Argentina labor union strike leads to stoppage of public transportation services News
Argentina labor union strike leads to stoppage of public transportation services

Argentina’s main labor unions held a 24-hour general strike of bus, train, subway, and airplane services on Thursday to express their discontent with President Javier Milei’s austerity policies. The strike led to the shutdown of transportation services and the emptying of streets as millions of workers joined the stoppage.

The call for the strike was made by the General Confederation of Labor, the Argentine Workers’ Central Union (CTA), and the Autonomous CTA. The three major labor confederations in Argentina stated the strike was “in defense of democracy, labor rights, and a living wage.” Their joint statement read:

We are facing a national government that promotes the removal of labor and social rights, redefining the role of the state by closing and minimizing to its smallest expression important departments and institutions that provide assistance to our population, thus generating hundreds of thousands of layoffs of public servants. It decrees the paralysis of public works, generating enormous unemployment. It carries out a brutal defunding of social security, public health; universities, education, science, and culture, endangering the lives of our elders and the general population, directly affecting the educational quality, the research capacity of the country, and our cultural identity. It promotes dangerous policies of privatization of public companies and the surrender of the resources of the national heritage.

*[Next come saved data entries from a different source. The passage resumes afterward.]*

lemma stopped_reward_0: "stopped_reward P R S 0 i = (if i \<in> S then R i else 0)"
  by (simp add: stopped_reward_def paths_in_0 paths_in_nonmem path_prob_def)

lemma stopped_reward_nonmem: "i \<notin> S \<Longrightarrow> stopped_reward P R S t i = 0"
  by (simp add: stopped_reward_def paths_in_nonmem)

lemma stopped_reward_Suc:
  assumes "i \<in> S"
  shows "stopped_reward P R S (Suc t) i = (\<Sum>k\<in>UNIV. P $ i $ k * stopped_reward P R S t k)"
proof -
  have "stopped_reward P R S (Suc t) i =
      (\<Sum>ys\<in>(\<Union>k. paths_in S k t). path_prob P (i # ys) * R ((i # ys) ! Suc t))"
    unfolding stopped_reward_def paths_in_Suc[OF assms]
    by (subst sum.reindex) (auto simp: inj_on_def)
  also have "\<dots> = (\<Sum>k\<in>UNIV. \<Sum>ys\<in>paths_in S k t. path_prob P (i # ys) * R ((i # ys) ! Suc t))"
    by (rule sum.UNION_disjoint) (simp_all add: finite_paths_in, auto simp: paths_in_def)
  also have "\<dots> = (\<Sum>k\<in>UNIV. P $ i $ k * stopped_reward P R S t k)"
    unfolding stopped_reward_def sum_distrib_left
    by (intro sum.cong refl) (auto simp: paths_in_def path_prob_Cons)
  finally show ?thesis .
qed

lemma stopped_reward_abs_le:
  assumes "stochastic P"
  shows "\<bar>stopped_reward P R S t i\<bar> \<le> (\<Sum>k\<in>UNIV. \<bar>R k\<bar>)"
proof (induction t arbitrary: i)
  case 0
  have "\<bar>R i\<bar> \<le> (\<Sum>k\<in>UNIV. \<bar>R k\<bar>)" by (rule member_le_sum) auto
  then show ?case by (simp add: stopped_reward_0 sum_nonneg)
next
  case (Suc t)
  then show ?case
    using stochastic_row_abs_le[OF assms Suc.IH]
    by (cases "i \<in> S") (simp_all add: stopped_reward_Suc stopped_reward_nonmem sum_nonneg)
qed

lemma fS_eq_suminf_stopped_reward: "fS P \<beta> R S i = (\<Sum>t. \<beta> ^ t * stopped_reward P R S t i)"
  by (simp add: fS_def stopped_reward_def)

locale discounted_chain =
  fixes P :: "real^'n^'n" and \<beta> :: real
  assumes stochastic: "stochastic P" and discount_nonneg: "0 \<le> \<beta>" and discount_less_1: "\<beta> < 1"
begin

lemma stopped_op_eq_0_imp_eq_0:
  assumes z: "\<And>i. stopped_op P \<beta> S z i = 0"
  shows "z = (\<lambda>_. 0)"
proof -
  define m where "m = Max (range (\<lambda>i. \<bar>z i\<bar>))"
  have le_m: "\<bar>z k\<bar> \<le> m" for k unfolding m_def by (rule Max_ge) auto
  have "m \<in> range (\<lambda>i. \<bar>z i\<bar>)" unfolding m_def by (rule Max_in) auto
  then obtain i0 where i0: "\<bar>z i0\<bar> = m" by auto
  have "m \<le> 0"
  proof (cases "i0 \<in> S")
    case True
    with z[of i0] have "z i0 = \<beta> * (\<Sum>l\<in>UNIV. P $ i0 $ l * z l)" by (simp add: stopped_op_def)
    then have "m = \<beta> * \<bar>\<Sum>l\<in>UNIV. P $ i0 $ l * z l\<bar>"
      using i0 discount_nonneg by (simp add: abs_mult)
    also have "\<dots> \<le> \<beta> * m"
      using stochastic_row_abs_le[OF stochastic, of z m, OF le_m] discount_nonneg
      by (rule mult_left_mono)
    finally have "m \<le> \<beta> * m" .
    then show ?thesis using discount_less_1 by (metis mult_le_cancel_right1 not_less)
  next
    case False
    with z[of i0] discount_less_1 have "z i0 = 0" by (simp add: stopped_op_def)
    then show ?thesis using i0 by simp
  qed
  then show ?thesis using le_m by (auto intro!: ext) (metis abs_le_zero_iff order.trans)
qed

lemma stopped_op_inj:
  assumes "\<And>i. stopped_op P \<beta> S x i = stopped_op P \<beta> S y i"
  shows "x = y"
proof -
  have "(\<lambda>l. x l - y l) = (\<lambda>_. 0)"
    by (rule stopped_op_eq_0_imp_eq_0[of S]) (simp add: stopped_op_diff assms)
  then show ?thesis by (auto simp: fun_eq_iff dest: fun_cong)
qed

lemma invertible_stopped_matrix: "invertible (mat 1 - \<beta> *\<^sub>R PS P S)"
proof -
  have "inj ((*v) (mat 1 - \<beta> *\<^sub>R PS P S))"
  proof (rule injI)
    fix x y assume "(mat 1 - \<beta> *\<^sub>R PS P S) *v x = (mat 1 - \<beta> *\<^sub>R PS P S) *v y"
    then have "stopped_op P \<beta> S (\<lambda>l. x $ l) i = stopped_op P \<beta> S (\<lambda>l. y $ l) i" for i
      by (metis stopped_matrix_mult_vec)
    then have "(\<lambda>l. x $ l) = (\<lambda>l. y $ l)" by (rule stopped_op_inj)
    then show "x = y" by (simp add: vec_eq_iff fun_eq_iff)
  qed
  then show ?thesis by (simp add: invertible_left_inverse matrix_left_invertible_injective)
qed

lemma stopped_op_resolvent:
  "stopped_op P \<beta> S (\<lambda>l. resolvent P \<beta> S $ l $ k) i = (if i = k then 1 else 0)"
proof -
  have "(mat 1 - \<beta> *\<^sub>R PS P S) ** resolvent P \<beta> S = mat 1"
    using someI_ex[OF invertible_stopped_matrix[of S, unfolded invertible_def]]
    unfolding matrix_inv_def resolvent_def by blast
  then have "((mat 1 - \<beta> *\<^sub>R PS P S) ** resolvent P \<beta> S) $ i $ k = mat 1 $ i $ k"
    by simp
  then show ?thesis unfolding stopped_matrix_mult by (simp add: mat_def)
qed

lemma resolvent_diag_nonmem: "k \<notin> S \<Longrightarrow> resolvent P \<beta> S $ k $ k = 1 / (1 - \<beta>)"
  using stopped_op_resolvent[of S k k] discount_less_1 by (simp add: stopped_op_def field_simps)

lemma summable_stopped_reward: "summable (\<lambda>t. \<beta> ^ t * stopped_reward P R S t i)"
proof (rule summable_comparison_test')
  show "summable (\<lambda>t. (\<Sum>k\<in>UNIV. \<bar>R k\<bar>) * \<beta> ^ t)"
    using discount_nonneg discount_less_1 by (intro summable_mult summable_geometric) simp
  show "norm (\<beta> ^ t * stopped_reward P R S t i) \<le> (\<Sum>k\<in>UNIV. \<bar>R k\<bar>) * \<beta> ^ t" for t
  proof -
    have "norm (\<beta> ^ t * stopped_reward P R S t i) = \<beta> ^ t * \<bar>stopped_reward P R S t i\<bar>"
      using discount_nonneg by (simp add: abs_mult)
    also have "\<dots> \<le> \<beta> ^ t * (\<Sum>k\<in>UNIV. \<bar>R k\<bar>)"
      using discount_nonneg by (intro mult_left_mono stopped_reward_abs_le[OF stochastic]) simp
    finally show ?thesis by (simp add: mult.commute)
  qed
qed

lemma fS_fixpoint:
  "fS P \<beta> R S i = (if i \<in> S then R i + \<beta> * (\<Sum>k\<in>UNIV. P $ i $ k * fS P \<beta> R S k) else 0)"
proof (cases "i \<in> S")
  case True
  note summable = summable_stopped_reward[of R S]
  have "fS P \<beta> R S i - R i = (\<Sum>t. \<beta> ^ Suc t * stopped_reward P R S (Suc t) i)"
    unfolding fS_eq_suminf_stopped_reward using suminf_split_head[OF summable] True
    by (simp add: stopped_reward_0)
  also have "\<dots> = (\<Sum>t. \<beta> * (\<Sum>k\<in>UNIV. P $ i $ k * (\<beta> ^ t * stopped_reward P R S t k)))"
    using True by (simp add: stopped_reward_Suc sum_distrib_left algebra_simps)
  also have "\<dots> = \<beta> * (\<Sum>t. \<Sum>k\<in>UNIV. P $ i $ k * (\<beta> ^ t * stopped_reward P R S t k))"
    by (rule suminf_mult) (intro summable_sum summable_mult summable)
  also have "\<dots> = \<beta> * (\<Sum>k\<in>UNIV. \<Sum>t. P $ i $ k * (\<beta> ^ t * stopped_reward P R S t k))"
    by (subst suminf_sum) (intro summable_mult summable, rule refl)
  also have "\<dots> = \<beta> * (\<Sum>k\<in>UNIV. P $ i $ k * fS P \<beta> R S k)"
    unfolding fS_eq_suminf_stopped_reward by (simp add: suminf_mult summable)
  finally show ?thesis using True by simp
next
  case False
  then show ?thesis by (simp add: fS_eq_suminf_stopped_reward stopped_reward_nonmem)
qed

lemma stopped_op_fS: "stopped_op P \<beta> S (fS P \<beta> R S) i = (if i \<in> S then R i else 0)"
  using fS_fixpoint[of R S i] fS_fixpoint[of R S] by (auto simp: stopped_op_def)

lemma rS_eq_stopped_op:
  "rS P \<beta> R S i = (if i \<in> S then stopped_op P \<beta> (- S) (fS P \<beta> R S) i
                     else R i - stopped_op P \<beta> (- S) (fS P \<beta> R S) i)"
  using fS_fixpoint[of R S i] by (auto simp: rS_def stopped_op_def algebra_simps)

context
  fixes S :: "'n set" and j :: 'n
  assumes j_nonmem: "j \<notin> S"
begin

lemma stopped_op_insert_resolvent:
  "stopped_op P \<beta> (insert j S) (\<lambda>l. resolvent P \<beta> S $ l $ j) i
     = (if i = j then AS P \<beta> S $ j $ j else 0)"
  using j_nonmem
  by (simp add: AS_entry stopped_op_insert_other stopped_op_resolvent stopped_op_cong_mem)

lemma AS_diag_nonzero: "AS P \<beta> S $ j $ j \<noteq> 0"
proof
  assume "AS P \<beta> S $ j $ j = 0"
  then have "(\<lambda>l. resolvent P \<beta> S $ l $ j) = (\<lambda>_. 0)"
    by (intro stopped_op_eq_0_imp_eq_0[of "insert j S"]) (simp add: stopped_op_insert_resolvent)
  then show False using stopped_op_resolvent[of S j j] j_nonmem by (simp add: stopped_op_def)
qed

lemma stopped_op_insert_solution:
  assumes "\<And>i. i \<noteq> j \<Longrightarrow> stopped_op P \<beta> (insert j S) z i = stopped_op P \<beta> S x i"
  shows "z = (\<lambda>l. x l + (stopped_op P \<beta> (insert j S) z j - stopped_op P \<beta> (insert j S) x j)
                        / AS P \<beta> S $ j $ j * resolvent P \<beta> S $ l $ j)"
    (is "_ = (\<lambda>l. x l + ?\<kappa> * ?c l)")
proof (rule stopped_op_inj[of "insert j S"])
  fix i
  have "stopped_op P \<beta> (insert j S) z i
      = stopped_op P \<beta> (insert j S) x i + ?\<kappa> * stopped_op P \<beta> (insert j S) ?c i"
    using AS_diag_nonzero assms[of i]
    by (cases "i = j") (simp_all add: stopped_op_insert_resolvent stopped_op_insert_other)
  then show "stopped_op P \<beta> (insert j S) z i = stopped_op P \<beta> (insert j S) (\<lambda>l. x l + ?\<kappa> * ?c l) i"
    by (simp only: stopped_op_add_scaled)
qed

lemma resolvent_insert_col:
  assumes "k \<noteq> j"
  shows "(\<lambda>l. resolvent P \<beta> (insert j S) $ l $ k)
    = (\<lambda>l. resolvent P \<beta> S $ l $ k + - (AS P \<beta> S $ j $ k / AS P \<beta> S $ j $ j) * resolvent P \<beta> S $ l $ j)"
proof -
  have old: "stopped_op P \<beta> (insert j S) (\<lambda>l. resolvent P \<beta> S $ l $ k) j = AS P \<beta> S $ j $ k"
    using j_nonmem by (simp add: AS_entry stopped_op_cong_mem)
  have "(\<lambda>l. resolvent P \<beta> (insert j S) $ l $ k)
      = (\<lambda>l. resolvent P \<beta> S $ l $ k + (0 - AS P \<beta> S $ j $ k) / AS P \<beta> S $ j $ j * resolvent P \<beta> S $ l $ j)"
    by (subst stopped_op_insert_solution[of _ "\<lambda>l. resolvent P \<beta> S $ l $ k"])
      (simp_all only: old stopped_op_resolvent stopped_op_insert_other if_not_P[OF assms[symmetric]])
  then show ?thesis by simp
qed

lemma resolvent_insert_col_self:
  "(\<lambda>l. resolvent P \<beta> (insert j S) $ l $ j) = (\<lambda>l. 1 / AS P \<beta> S $ j $ j * resolvent P \<beta> S $ l $ j)"
  by (subst stopped_op_insert_solution[of _ "\<lambda>_. 0"])
    (simp_all add: stopped_op_resolvent stopped_op_insert_other, simp_all add: stopped_op_def)

lemma fS_insert:
  "fS P \<beta> R (insert j S)
     = (\<lambda>l. fS P \<beta> R S l + rS P \<beta> R S j / AS P \<beta> S $ j $ j * resolvent P \<beta> S $ l $ j)"
proof -
  have "fS P \<beta> R S j = 0" using fS_fixpoint[of R S j] j_nonmem by simp
  then have "R j - stopped_op P \<beta> (insert j S) (fS P \<beta> R S) j = rS P \<beta> R S j"
    by (simp add: rS_def stopped_op_def)
  then show ?thesis
    by (subst stopped_op_insert_solution[of _ "fS P \<beta> R S"])
      (simp_all add: stopped_op_fS stopped_op_insert_other)
qed

lemma AS_insert_entry:
  assumes "i \<noteq> j" and "k \<noteq> j"
  shows "AS P \<beta> (insert j S) $ i $ k
    = AS P \<beta> S $ i $ k - AS P \<beta> S $ i $ j * AS P \<beta> S $ j $ k / AS P \<beta> S $ j $ j"
proof -
  have "AS P \<beta> (insert j S) $ i $ k = stopped_op P \<beta> (- S) (\<lambda>l. resolvent P \<beta> (insert j S) $ l $ k) i"
    using assms(1) by (simp add: AS_entry stopped_op_compl_insert)
  also have "\<dots> = AS P \<beta> S $ i $ k + - (AS P \<beta> S $ j $ k / AS P \<beta> S $ j $ j) * AS P \<beta> S $ i $ j"
    by (simp only: resolvent_insert_col[OF assms(2)] stopped_op_add_scaled AS_entry)
  finally show ?thesis by simp
qed

lemma AS_insert_entry_self:
  assumes "i \<noteq> j"
  shows "AS P \<beta> (insert j S) $ i $ j = AS P \<beta> S $ i $ j / AS P \<beta> S $ j $ j"
proof -
  have "AS P \<beta> (insert j S) $ i $ j = stopped_op P \<beta> (- S) (\<lambda>l. resolvent P \<beta> (insert j S) $ l $ j) i"
    using assms by (simp add: AS_entry stopped_op_compl_insert)
  also have "\<dots> = 1 / AS P \<beta> S $ j $ j * AS P \<beta> S $ i $ j"
    by (simp only: resolvent_insert_col_self stopped_op_scale AS_entry)
  finally show ?thesis by simp
qed

lemma stopped_op_fS_insert:
  assumes "i \<noteq> j"
  shows "stopped_op P \<beta> (- insert j S) (fS P \<beta> R (insert j S)) i
    = stopped_op P \<beta> (- S) (fS P \<beta> R S) i + rS P \<beta> R S j / AS P \<beta> S $ j $ j * AS P \<beta> S $ i $ j"
proof -
  have "stopped_op P \<beta> (- insert j S) (fS P \<beta> R (insert j S)) i
      = stopped_op P \<beta> (- S) (fS P \<beta> R (insert j S)) i"
    using assms by (rule stopped_op_compl_insert)
  then show ?thesis by (simp only: fS_insert stopped_op_add_scaled AS_entry)
qed

lemma rS_insert_mem:
  assumes "i \<in> S"
  shows "rS P \<beta> R (insert j S) i = rS P \<beta> R S i + rS P \<beta> R S j / AS P \<beta> S $ j $ j * AS P \<beta> S $ i $ j"
  using assms j_nonmem stopped_op_fS_insert[of i R]
  by (auto simp: rS_eq_stopped_op[of R "insert j S" i] rS_eq_stopped_op[of R S i])

lemma rS_insert_nonmem:
  assumes "i \<noteq> j" and "i \<notin> S"
  shows "rS P \<beta> R (insert j S) i = rS P \<beta> R S i - rS P \<beta> R S j / AS P \<beta> S $ j $ j * AS P \<beta> S $ i $ j"
  using assms stopped_op_fS_insert[of i R]
  by (auto simp: rS_eq_stopped_op[of R "insert j S" i] rS_eq_stopped_op[of R S i])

The protests arose to question the controversial Decree 70/2023, which modifies various articles of legislation such as the elimination of labor norms for establishments of up to five workers or the fines for lack of worker registration and the replacement of severance pay by a termination fund. According to workers, the mobilization was convened in reaction to the approval of the “Bases and Starting Points for the Liberty of Argentines” project by the chamber of deputies after it had originally been disapproved. The project is part of Milei’s reform, next to Decree 70/2023, and now goes to the Senate.

On the same day of the strike, the National Labor Court confirmed the provisional measure issued in January that suspends the application of the provisions of the labor chapter of Decree 70/2023.

In response to the strike, the presidential spokesperson stated that “it was the weakest strike in history” and that it sought to keep Argentina “on a path of servitude.” Subsequently, President Milei posted a photo on his Instagram account with the message “I do not stop” in reference to the strike.

Thursday’s strike is the second general strike called by the major labor unions in Argentina. The first general strike against Milei’s austerity measures took place in January, leading to the participation of millions of Argentine workers.